Fischer was chief economist at the World Bank and deputy managing director of the International Monetary Fund, two institutions created at the Bretton Woods Conference in 1944 to promote international control over national fiscal and monetary policies. During his reign as Israel's banking chief (2005-2013), Fischer, who has both U.S. and Israeli citizenship, was credited with having steered the Israeli economy through the global economic crisis of 2008-2009 without the severe recession suffered by many of the other industrialized nations. His tenure as vice chairman at Citigroup (2002-2005) on the other hand, has given rise to some skepticism about his ability to recognize an economic crisis in the making. In a column entitled "Which Stanley Fischer?," Bloomberg's Matthew C. Klein wrote:
Risk-taking at Citigroup increased significantly in 2004 and 2005 when [former Treasury Secretary Robert] Rubin was chairman of the executive committee of the bank's board, with disastrous consequences in the years that followed. Bonuses that were paid in those early years weren't subsequently clawed back, either as losses materialized or when the government had to step in with huge bailouts.
Fischer reported directly to Rubin, but there is no record that he sounded any kind of alarm, public or private. In that regard, he is no different from any other Citigroup executive of the period.
Klein also referred to Fischer's role at the IMF in "the botched liberalization of the Russian economy" in the early 1990s, when market mechanisms were introduced before the needed legal and political reforms had been established.
"Unfortunately for Russia, this set of priorities helped make it possible for oligarchs to strip the state of assets as the economy collapsed," Klein wrote.

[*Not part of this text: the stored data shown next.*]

(* Let $n,n_1,n_2\in\mathbb{N}^+$ and $p_1,p_2$ satisfy the standing assumptions below, and put $s_2=n/n_2$. Let $G_{l_1+l_2}$ be the two-layer stochastic block model $G(n,n_1,n_2,p_1,p_2)$, and let $G_{l_1+N}$ be the model $G(n,n_1,1,p_1,p_n)$ with $p_n=\frac{s_2-1}{n-1}\,p_2$, i.e. the layer-1 structure (with the same $n_1$ communities and probability $p_1$) plus uniform random noise in which every pair of nodes is additionally joined independently with probability $p_n$ (so that the expected number of noise edges equals the expected number of edges generated by layer 2 in $G_{l_1+l_2}$). Let $Q^{S}_{l_1}$ and $Q^{R}_{l_1}$ denote the (expected) modularity of the ground-truth layer $l_1$ in $G_{l_1+l_2}$ and in $G_{l_1+N}$ respectively. Then $Q^{S}_{l_1}<Q^{R}_{l_1}$.
   Context: Multi-layer stochastic block model $G(n,n_1,\dots,n_L,p_1,\dots,p_L)$: a random graph on $n$ nodes with $L$ layers. For each layer $l$ the nodes are partitioned into $n_l$ planted communities of size $s_l=n/n_l$; independently for each layer, each pair of distinct nodes in a common community of layer $l$ receives an edge from layer $l$ with probability $p_l$; the graph is the simple union of all generated edges, so a pair of nodes lying in a common community of exactly the layers in a set $T$ is an edge with probability $1-\prod_{l\in T}(1-p_l)$. The partitions of different layers are independent: for any $k\ge 2$ distinct layers $l_1,\dots,l_k$ and any choice of one community from each, the intersection of these communities has $r_{l_1\cdots l_k}=n/(n_{l_1}\cdots n_{l_k})$ nodes (in expectation). Standing assumptions (for the layers of the block model): $n_l\ge 4$, $p_l\in[0.05,1]$, and $n\ge 2\prod_l n_l$. Modularity: for a partition (layer) $l$ of the nodes of a graph with $e$ edges, if community $i$ has $e^i_{ll}$ internal edges, $e^i_{lout}$ edges with exactly one endpoint in it, and total degree $d^i_l=2e^i_{ll}+e^i_{lout}$, then $Q_l=\sum_i\big(\frac{e^i_{ll}}{e}-(\frac{d^i_l}{2e})^2\big)$. In the block model all quantities are replaced by expectations: writing $e_{ll}$, $e_{lout}$ for the expected numbers of internal and outgoing edges of one community of layer $l$ (identical for all communities of the layer), $d_l=2e_{ll}+e_{lout}$ and $e=n_ld_l/2$, the (expected) modularity of layer $l$ is $Q_l=n_l\big[\frac{e_{ll}}{e}-(\frac{d_l}{2e})^2\big]$. *)

theory Defs
  imports Complex_Main
begin

text \<open>Expected quantities of layer 1 in a two-layer stochastic block model
  G(n, n1, n2, p1, p2). Sizes are real-valued (expectations):
  s1 = n/n1, s2 = n/n2, r12 = n/(n1 n2).\<close>

definition pairs :: "real \<Rightarrow> real" where
  "pairs x = x * (x - 1) / 2"

text \<open>Expected number of internal edges of one layer-1 community: pairs sharing
  also a layer-2 community are edges with probability 1-(1-p1)(1-p2), the other
  pairs of the community with probability p1.\<close>
definition sbm2_e_in :: "real \<Rightarrow> real \<Rightarrow> real \<Rightarrow> real \<Rightarrow> real \<Rightarrow> real" where
  "sbm2_e_in n n1 n2 p1 p2 =
     (let s1 = n / n1; r = n / (n1 * n2) in
        n2 * pairs r * (1 - (1 - p1) * (1 - p2)) + (pairs s1 - n2 * pairs r) * p1)"

text \<open>Expected number of edges with exactly one endpoint in a layer-1 community
  (only layer 2 can create them).\<close>
definition sbm2_e_out :: "real \<Rightarrow> real \<Rightarrow> real \<Rightarrow> real \<Rightarrow> real \<Rightarrow> real" where
  "sbm2_e_out n n1 n2 p1 p2 =
     (let s2 = n / n2; r = n / (n1 * n2) in n2 * r * (s2 - r) * p2)"

text \<open>Expected modularity Q_l = n_l [e_ll/e - (d_l/(2e))^2] of layer 1,
  with d = 2 e_ll + e_lout and e = n_l d / 2.\<close>
definition sbm2_modularity1 :: "real \<Rightarrow> real \<Rightarrow> real \<Rightarrow> real \<Rightarrow> real \<Rightarrow> real" where
  "sbm2_modularity1 n n1 n2 p1 p2 =
     (let ei = sbm2_e_in n n1 n2 p1 p2; eo = sbm2_e_out n n1 n2 p1 p2;
          d = 2 * ei + eo; e = n1 * d / 2
      in n1 * (ei / e - (d / (2 * e))\<^sup>2))"

end

theory Submission
  imports Defs
begin

text \<open>The expected modularity of layer 1 is 2 e_in / (2 e_in + e_out) - 1/n1, a decreasing
  function of e_out / e_in. With c = (n - n2)/(n - 1) < 1, the noise model has exactly c times
  the outgoing edges of the two-layer model but more than c times its internal edges: the
  layer-1 contribution is the same in both, while the layer-2 weight r - 1, r = n/(n1 n2),
  becomes (r - 1/n2) c. So the noise model has the smaller ratio e_out / e_in.\<close>

lemma sbm2_modularity1_eq:
  assumes "n1 \<noteq> 0" "2 * sbm2_e_in n n1 n2 p1 p2 + sbm2_e_out n n1 n2 p1 p2 \<noteq> 0"
  shows "sbm2_modularity1 n n1 n2 p1 p2 =
    2 * sbm2_e_in n n1 n2 p1 p2 / (2 * sbm2_e_in n n1 n2 p1 p2 + sbm2_e_out n n1 n2 p1 p2)
    - 1 / n1"
proof -
  have "n1 * (ei / (n1 * d / 2) - (d / (2 * (n1 * d / 2)))\<^sup>2) = 2 * ei / d - 1 / n1"
    if "d \<noteq> 0" for ei d :: real
    using that assms(1) by (simp add: field_simps power2_eq_square)
  then show ?thesis using assms(2) unfolding sbm2_modularity1_def Let_def by blast
qed

lemma sbm2_e_in_eq:
  assumes "n1 \<noteq> 0" "n2 \<noteq> 0"
  shows "sbm2_e_in n n1 n2 p1 p2 =
    n / n1 / 2 * ((n / n1 - 1) * p1 + (n / (n1 * n2) - 1) * p2 * (1 - p1))"
  using assms unfolding sbm2_e_in_def Let_def pairs_def
  by (simp add: field_simps)

lemma sbm2_e_out_eq: "sbm2_e_out n n1 n2 p1 p2 = n / n1 * (n / n2 - n / (n1 * n2)) * p2"
  unfolding sbm2_e_out_def Let_def
  by (cases "n2 = 0") (simp_all add: field_simps)

lemma sbm2_e_in_pos:
  fixes n n1 n2 p1 p2 :: real
  assumes "0 < n1" "0 < n2" "n1 * n2 \<le> n" "n1 < n" and "0 < p1" "p1 \<le> 1" "0 \<le> p2"
  shows "0 < sbm2_e_in n n1 n2 p1 p2"
proof -
  have "1 < n / n1" "1 \<le> n / (n1 * n2)"
    using assms(1-4) by (simp_all add: less_divide_eq le_divide_eq)
  then show ?thesis
    using assms(1,2,5-7) by (simp add: sbm2_e_in_eq add_pos_nonneg)
qed

lemma sbm2_e_out_pos:
  fixes n n1 n2 p2 :: real
  assumes "1 < n1" "0 < n2" "0 < n" "0 < p2"
  shows "0 < sbm2_e_out n n1 n2 p1 p2"
proof -
  have "n / (n1 * n2) < n / n2"
    using assms(1-3) by (simp add: divide_strict_left_mono)
  then show ?thesis using assms by (simp add: sbm2_e_out_eq)
qed

lemma sbm2_modularity1_less:
  fixes n n1 n2 n2' p1 p2 p1' p2' :: real
  defines "ei \<equiv> sbm2_e_in n n1 n2 p1 p2" and "eo \<equiv> sbm2_e_out n n1 n2 p1 p2"
    and "ei' \<equiv> sbm2_e_in n n1 n2' p1' p2'" and "eo' \<equiv> sbm2_e_out n n1 n2' p1' p2'"
  assumes "n1 \<noteq> 0" "0 < ei" "0 < eo" "0 < ei'" "0 < eo'" and "ei * eo' < ei' * eo"
  shows "sbm2_modularity1 n n1 n2 p1 p2 < sbm2_modularity1 n n1 n2' p1' p2'"
proof -
  have "2 * ei * (2 * ei' + eo') < 2 * ei' * (2 * ei + eo)"
    using assms(10) by (simp add: algebra_simps)
  then have "2 * ei / (2 * ei + eo) < 2 * ei' / (2 * ei' + eo')"
    using assms(6-9) by (simp add: divide_simps)
  then show ?thesis
    using assms(5-9) by (simp add: sbm2_modularity1_eq flip: ei_def eo_def ei'_def eo'_def)
qed

lemma sbm2_e_out_noise:
  fixes n n1 n2 p1 p2 :: real
  assumes "n2 \<noteq> 0"
  shows "sbm2_e_out n n1 1 p1 ((n / n2 - 1) / (n - 1) * p2)
    = (n - n2) / (n - 1) * sbm2_e_out n n1 n2 p1 p2"
proof -
  have "n / n2 - n / (n1 * n2) = (n - n / n1) / n2" "n / n2 - 1 = (n - n2) / n2"
    using assms by (simp_all add: diff_divide_distrib)
  then show ?thesis by (simp add: sbm2_e_out_eq mult_ac)
qed

lemma sbm2_e_in_noise:
  fixes n n1 n2 p1 p2 :: real
  assumes "1 \<le> n1" "1 < n2" "n1 * n2 \<le> n" and "0 < p1" "p1 \<le> 1" "0 \<le> p2"
  shows "(n - n2) / (n - 1) * sbm2_e_in n n1 n2 p1 p2
    < sbm2_e_in n n1 1 p1 ((n / n2 - 1) / (n - 1) * p2)"
proof -
  define s1 where "s1 = n / n1"
  define r where "r = n / (n1 * n2)"
  define c where "c = (n - n2) / (n - 1)"
  define q where "q = (n / n2 - 1) / (n - 1) * p2"
  have "n2 \<le> n1 * n2" using assms(1,2) by simp
  then have "n2 \<le> n" using assms(3) by linarith
  then have c: "0 \<le> c" "c < 1"
    using assms(2) unfolding c_def by (simp_all add: divide_simps)
  have q_c: "q = p2 * c / n2"
    using assms(2) unfolding q_def c_def by (simp add: field_simps)
  have in_S: "sbm2_e_in n n1 n2 p1 p2 = s1 / 2 * ((s1 - 1) * p1 + (r - 1) * p2 * (1 - p1))"
    and in_R: "sbm2_e_in n n1 1 p1 q = s1 / 2 * ((s1 - 1) * p1 + (s1 - 1) * q * (1 - p1))"
    using assms(1,2) by (simp_all add: sbm2_e_in_eq s1_def r_def)
  have s1_r: "s1 = n2 * r" unfolding s1_def r_def using assms(2) by (simp add: field_simps)
  have "1 \<le> r" using assms(1-3) unfolding r_def by (simp add: le_divide_eq)
  then have "n2 \<le> n2 * r" using assms(2) by simp
  then have s1: "1 < s1" using s1_r assms(2) by linarith
  have "r - 1 \<le> (s1 - 1) / n2" using s1_r assms(2) by (simp add: field_simps)
  then have "(r - 1) * (p2 * (1 - p1) * c) \<le> (s1 - 1) / n2 * (p2 * (1 - p1) * c)"
    using assms(5,6) c by (intro mult_right_mono) auto
  then have "(r - 1) * p2 * (1 - p1) * c \<le> (s1 - 1) * q * (1 - p1)"
    unfolding q_c by (simp add: ac_simps)
  moreover have "(s1 - 1) * p1 * c < (s1 - 1) * p1" using s1 assms(4) c by simp
  ultimately have "c * ((s1 - 1) * p1 + (r - 1) * p2 * (1 - p1))
      < (s1 - 1) * p1 + (s1 - 1) * q * (1 - p1)"
    by (simp add: algebra_simps)
  then have "c * sbm2_e_in n n1 n2 p1 p2 < sbm2_e_in n n1 1 p1 q"
    unfolding in_S in_R using s1 by (simp add: mult.left_commute)
  then show ?thesis unfolding c_def q_def .
qed

lemma sbm2_modularity1_less_noise:
  fixes n n1 n2 p1 p2 :: real
  assumes "1 < n1" "1 < n2" "n1 * n2 \<le> n" and "0 < p1" "p1 \<le> 1" "0 < p2"
  shows "sbm2_modularity1 n n1 n2 p1 p2
       < sbm2_modularity1 n n1 1 p1 ((n / n2 - 1) / (n - 1) * p2)"
proof -
  define c where "c = (n - n2) / (n - 1)"
  define q where "q = (n / n2 - 1) / (n - 1) * p2"
  have "n1 < n1 * n2" "n2 < n1 * n2" using assms(1,2) by simp_all
  then have "n1 < n" "n2 < n" using assms(3) by linarith+
  then have "0 < q" using assms(2,6) unfolding q_def by (simp add: divide_simps)
  have eo_pos: "0 < sbm2_e_out n n1 n2 p1 p2"
    using assms(1,2,6) \<open>n2 < n\<close> by (intro sbm2_e_out_pos) auto
  have "sbm2_e_out n n1 1 p1 q = c * sbm2_e_out n n1 n2 p1 p2"
    unfolding c_def q_def using assms(2) by (intro sbm2_e_out_noise) simp
  then have "sbm2_e_in n n1 n2 p1 p2 * sbm2_e_out n n1 1 p1 q
      = c * sbm2_e_in n n1 n2 p1 p2 * sbm2_e_out n n1 n2 p1 p2"
    by simp
  also have "\<dots> < sbm2_e_in n n1 1 p1 q * sbm2_e_out n n1 n2 p1 p2"
  proof (rule mult_strict_right_mono[OF _ eo_pos])
    show "c * sbm2_e_in n n1 n2 p1 p2 < sbm2_e_in n n1 1 p1 q"
      unfolding c_def q_def using assms by (intro sbm2_e_in_noise) auto
  qed
  finally have cross: "sbm2_e_in n n1 n2 p1 p2 * sbm2_e_out n n1 1 p1 q
      < sbm2_e_in n n1 1 p1 q * sbm2_e_out n n1 n2 p1 p2" .
  show ?thesis
    unfolding q_def[symmetric]
  proof (rule sbm2_modularity1_less[OF _ _ eo_pos _ _ cross])
    show "0 < sbm2_e_in n n1 n2 p1 p2" "0 < sbm2_e_in n n1 1 p1 q"
      using assms \<open>n1 < n\<close> \<open>0 < q\<close> by (intro sbm2_e_in_pos; simp)+
    show "0 < sbm2_e_out n n1 1 p1 q"
      using assms(1) \<open>n1 < n\<close> \<open>0 < q\<close> by (intro sbm2_e_out_pos) auto
  qed (use assms(1) in simp)
qed

theorem theorem8:
  fixes n n1 n2 :: nat and p1 p2 :: real
  assumes "n > 0" "n1 \<ge> 4" "n2 \<ge> 4"
    and "0.05 \<le> p1" "p1 \<le> 1" "0.05 \<le> p2" "p2 \<le> 1"
    and "n \<ge> 2 * n1 * n2"
  shows "sbm2_modularity1 (real n) (real n1) (real n2) p1 p2
       < sbm2_modularity1 (real n) (real n1) 1 p1
           ((real n / real n2 - 1) / (real n - 1) * p2)"
proof (rule sbm2_modularity1_less_noise)
  have "n1 * n2 \<le> n" using assms(8) by simp
  then show "real n1 * real n2 \<le> real n" by (metis of_nat_mono of_nat_mult)
qed (use assms in auto)

end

When Fischer announced he was a candidate for the top job at the International Monetary Fund in 2011, Mark Weisbrot, co-director of the Washington-based Center for Economic and Policy Research, claimed his appointment would "institutionalize lack of accountability" at the IMF. Fischer, who was 67 at the time, was barred by the IMF age limit of 65 from being its managing director.
"Some of the IMF's worst economic mistakes in its history occurred while Fischer was there," Weisbrot said in a statement that claimed the IMF intervention in Russia during Fischer's tenure "led to one of the worst losses in output in history, in the absence of a war or natural disaster." It went on to say that in both Russia and Argentina, rapid economic growth occurred "after they had rid their countries of the IMF and its policy prescriptions."
James Carden, a former adviser to the U.S.-Russia Bilateral Presidential Commission, cites Fischer's "long track record of implementing neoliberal economic 'reforms' without paying due attention to their consequences for people of ordinary means." President Obama "would do well to reconsider the wisdom of this particular appointment," Carden wrote in The American Conservative.
Members of the Senate Banking, Housing and Urban Affairs Committee will have the opportunity to question Fischer about his role at Citibank, IMF, and other stops along his long and celebrated career. Given the inter-connected world of the global banking community, it seems likely, however, that the Stanley Fischer fan club will outnumber the doubters and dissenters. At the annual gathering of the world's central bankers at the Grand Teton National Park a few years ago, Fed Chairman Bernanke noted one thing they had in common: "They all had Stan Fischer as their thesis adviser."